Plays a role in regulation of membrane dynamics and homeostasis. Selectively hydrolyzes sn-2 arachidonoyl group in plasmalogen phospholipids, structural components of lipid rafts and myelin (By similarity).
Regulates F-actin polymerization at the pseudopods, which is required for both speed and directionality of MCP1/CCL2-induced monocyte chemotaxis (By similarity).
Targets membrane phospholipids to produce potent lipid signaling messengers. Generates lysophosphatidate (LPA, 1-acyl-glycerol-3-phosphate), which acts via G-protein receptors in various cell types. Has phospholipase A2 activity toward platelet-activating factor (PAF, 1-O-alkyl-2-acetyl-sn-glycero-3-phosphocholine), likely playing a role in inactivation of this potent pro-inflammatory signaling lipid (By similarity).

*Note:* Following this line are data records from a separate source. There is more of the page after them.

lemma max_ratio_le_iff: "\<forall>i. 0 < x $ i \<Longrightarrow> max_ratio x y \<le> t \<longleftrightarrow> (\<forall>i. y $ i \<le> t * x $ i)"
  unfolding max_ratio_def by (simp add: pos_divide_le_eq)

lemma ray_cdf_eq: "\<forall>i. 0 < x $ i \<Longrightarrow> ray_cdf \<mu> x t = measure \<mu> {y. max_ratio x y \<le> t}"
  by (simp add: ray_cdf_def max_ratio_le_iff)

lemma sets_max_ratio_le:
  assumes "cond_H \<mu>"
  shows "{y. max_ratio x y \<le> t} \<in> sets \<mu>"
  using measurable_sets[OF borel_measurable_max_ratio atMost_borel, of x t] cond_HD(2)[OF assms]
  by (simp add: vimage_def)

lemma F_integrand_tvec:
  assumes "\<forall>i. 0 < x $ i" "0 \<le> t"
  shows "F_integrand (tvec t x) y = max t (max_ratio x y)"
  using assms unfolding F_integrand_eq_max max_ratio_def by (simp add: tvec_def abs_of_pos)

lemma F_norm_tvec_0:
  assumes H: "cond_H \<mu>" and x: "\<forall>i. 0 < x $ i"
  shows "F_norm \<mu> (tvec 0 x) = (\<integral>y. max_ratio x y \<partial>\<mu>)"
  unfolding F_norm_eq_integral F_integrand_tvec[OF x order_refl]
proof (rule integral_cong_AE)
  show "(\<lambda>y. max 0 (max_ratio x y)) \<in> borel_measurable \<mu>" "max_ratio x \<in> borel_measurable \<mu>"
    by (intro cond_H_borel_measurable[OF H] borel_measurable_max borel_measurable_const borel_measurable_max_ratio)+
  obtain i :: 'a where True by simp
  have "0 \<le> max_ratio x y" if "\<forall>i. 0 \<le> y $ i" for y
  proof -
    have "y $ i / x $ i \<le> max_ratio x y" unfolding max_ratio_def by (rule Max_ge) auto
    moreover have "0 \<le> y $ i / x $ i" using that x by (simp add: less_imp_le)
    ultimately show ?thesis by linarith
  qed
  then show "AE y in \<mu>. max 0 (max_ratio x y) = max_ratio x y"
    using cond_HD(4)[OF H] by (auto elim: AE_mp)
qed

lemma ray_cdf_mono:
  assumes H: "cond_H \<mu>" and x: "\<forall>i. 0 < x $ i"
  shows "mono (ray_cdf \<mu> x)"
proof
  interpret prob_space \<mu> using cond_HD(1)[OF H] .
  fix s t :: real assume "s \<le> t"
  then have "{y. max_ratio x y \<le> s} \<subseteq> {y. max_ratio x y \<le> t}" by auto
  then show "ray_cdf \<mu> x s \<le> ray_cdf \<mu> x t"
    unfolding ray_cdf_eq[OF x] by (rule finite_measure_mono) (rule sets_max_ratio_le[OF H])
qed

lemma F_norm_tvec_increment:
  assumes H: "cond_H \<mu>" and x: "\<forall>i. 0 < x $ i" and "0 \<le> s" "s \<le> t"
  shows "(t - s) * ray_cdf \<mu> x s \<le> F_norm \<mu> (tvec t x) - F_norm \<mu> (tvec s x)"
    and "F_norm \<mu> (tvec t x) - F_norm \<mu> (tvec s x) \<le> (t - s) * ray_cdf \<mu> x t"
proof -
  interpret prob_space \<mu> using cond_HD(1)[OF H] .
  define I where "I r y = (t - s) * indicator {y. max_ratio x y \<le> r} y" for r y
  have I_integrable: "integrable \<mu> (I r)" for r
    unfolding I_def
    by (intro integrable_mult_right integrable_real_indicator sets_max_ratio_le[OF H])
       (simp add: less_top[symmetric])
  have I_integral: "(\<integral>y. I r y \<partial>\<mu>) = (t - s) * ray_cdf \<mu> x r" for r
    unfolding I_def ray_cdf_eq[OF x] using sets_max_ratio_le[OF H] cond_HD(3)[OF H] by simp
  have integrand: "F_integrand (tvec r x) = (\<lambda>y. max r (max_ratio x y))" if "0 \<le> r" for r
    using F_integrand_tvec[OF x that] by blast
  have integrable: "integrable \<mu> (\<lambda>y. max r (max_ratio x y))" if "0 \<le> r" for r
    using integrable_F_integrand[OF H, of "tvec r x"] by (simp add: integrand[OF that])
  have "F_norm \<mu> (tvec t x) - F_norm \<mu> (tvec s x) = (\<integral>y. max t (max_ratio x y) - max s (max_ratio x y) \<partial>\<mu>)"
    unfolding F_norm_eq_integral using assms(3,4)
    by (simp add: integrand integrable Bochner_Integration.integral_diff)
  moreover have "integrable \<mu> (\<lambda>y. max t (max_ratio x y) - max s (max_ratio x y))"
    using assms(3,4) by (simp add: integrable)
  moreover have "I s y \<le> max t (max_ratio x y) - max s (max_ratio x y)"
    and "max t (max_ratio x y) - max s (max_ratio x y) \<le> I t y" for y
    using assms(4) by (auto simp: I_def indicator_def)
  ultimately show "(t - s) * ray_cdf \<mu> x s \<le> F_norm \<mu> (tvec t x) - F_norm \<mu> (tvec s x)"
    and "F_norm \<mu> (tvec t x) - F_norm \<mu> (tvec s x) \<le> (t - s) * ray_cdf \<mu> x t"
    by (auto simp flip: I_integral intro!: integral_mono I_integrable)
qed

lemma AE_lborel_obtain_between:
  fixes u v :: real
  assumes "AE t in lborel. P t" "u < v"
  obtains t where "u < t" "t < v" "P t"
proof -
  from assms(1) obtain Z where Z: "{t. \<not> P t} \<subseteq> Z" "emeasure lborel Z = 0" "Z \<in> sets lborel"
    by (auto elim!: AE_E)
  have "\<not> {u<..<v} \<subseteq> Z"
  proof
    assume "{u<..<v} \<subseteq> Z"
    then have "emeasure lborel {u<..<v} \<le> 0" using Z(2,3) emeasure_mono by metis
    then show False using assms(2) by simp
  qed
  then obtain t where "u < t" "t < v" "t \<notin> Z" by (meson greaterThanLessThan_iff subsetI)
  then show thesis using Z(1) that by blast
qed

lemma has_real_derivative_squeeze:
  fixes h g :: "real \<Rightarrow> real"
  assumes incr: "\<And>s u. a \<le> s \<Longrightarrow> s \<le> u \<Longrightarrow> (u - s) * g s \<le> h u - h s \<and> h u - h s \<le> (u - s) * g u"
    and "a < t" and "isCont g t"
  shows "(h has_real_derivative g t) (at t)"
proof -
  have slope: "min (g t) (g y) \<le> (h y - h t) / (y - t) \<and> (h y - h t) / (y - t) \<le> max (g t) (g y)"
    if "a < y" "y \<noteq> t" for y
  proof (cases "t < y")
    case True
    then have "g t \<le> (h y - h t) / (y - t) \<and> (h y - h t) / (y - t) \<le> g y"
      using incr[of t y] \<open>a < t\<close> by (simp add: pos_le_divide_eq pos_divide_le_eq mult.commute)
    then show ?thesis by linarith
  next
    case False
    then have "(h y - h t) / (y - t) = (h t - h y) / (t - y)" "y < t"
      using that by (metis minus_diff_eq minus_divide_divide, simp)
    then have "g y \<le> (h y - h t) / (y - t) \<and> (h y - h t) / (y - t) \<le> g t"
      using incr[of y t] \<open>a < y\<close> by (simp add: pos_le_divide_eq pos_divide_le_eq mult.commute)
    then show ?thesis by linarith
  qed
  have "\<forall>\<^sub>F y in at t. a < y \<and> y \<noteq> t"
    using order_tendstoD(1)[OF tendsto_ident_at \<open>a < t\<close>] eventually_neq_at_within[of t t]
    by eventually_elim simp
  then have "\<forall>\<^sub>F y in at t. min (g t) (g y) \<le> (h y - h t) / (y - t)"
    and "\<forall>\<^sub>F y in at t. (h y - h t) / (y - t) \<le> max (g t) (g y)"
    using slope by (auto elim: eventually_mono)
  moreover have "((\<lambda>y. min (g t) (g y)) \<longlongrightarrow> g t) (at t)" "((\<lambda>y. max (g t) (g y)) \<longlongrightarrow> g t) (at t)"
    using tendsto_min[OF tendsto_const[of "g t"] isContD[OF \<open>isCont g t\<close>]]
      tendsto_max[OF tendsto_const[of "g t"] isContD[OF \<open>isCont g t\<close>]] by simp_all
  ultimately show ?thesis
    unfolding has_field_derivative_iff by (rule tendsto_sandwich)
qed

In response to glucose, amplifies calcium influx in pancreatic beta cells to promote INS secretion (By similarity).

Catalytic activity

  • a 1,2-diacyl-sn-glycero-3-phosphocholine + H2O = a 1-acyl-sn-glycero-3-phosphocholine + a fatty acid + H+
    This reaction proceeds in the forward direction.
    EC:3.1.1.4 (UniProtKB | ENZYME | Rhea)
  • 1,2-dihexadecanoyl-sn-glycero-3-phosphocholine + H2O = 1-hexadecanoyl-sn-glycero-3-phosphocholine + H+ + hexadecanoate
    This reaction proceeds in the forward direction.
  • 1-hexadecanoyl-2-(9Z-octadecenoyl)-sn-glycero-3-phosphocholine + H2O = (9Z)-octadecenoate + 1-hexadecanoyl-sn-glycero-3-phosphocholine + H+
    This reaction proceeds in the forward direction.
  • 1-hexadecanoyl-2-(9Z,12Z-octadecadienoyl)-sn-glycero-3-phosphocholine + H2O = (9Z,12Z)-octadecadienoate + 1-hexadecanoyl-sn-glycero-3-phosphocholine + H+
    This reaction proceeds in the forward direction.
  • 1-hexadecanoyl-2-(5Z,8Z,11Z,14Z-eicosatetraenoyl)-sn-glycero-3-phosphocholine + H2O = (5Z,8Z,11Z,14Z)-eicosatetraenoate + 1-hexadecanoyl-sn-glycero-3-phosphocholine + H+
    This reaction proceeds in the forward direction.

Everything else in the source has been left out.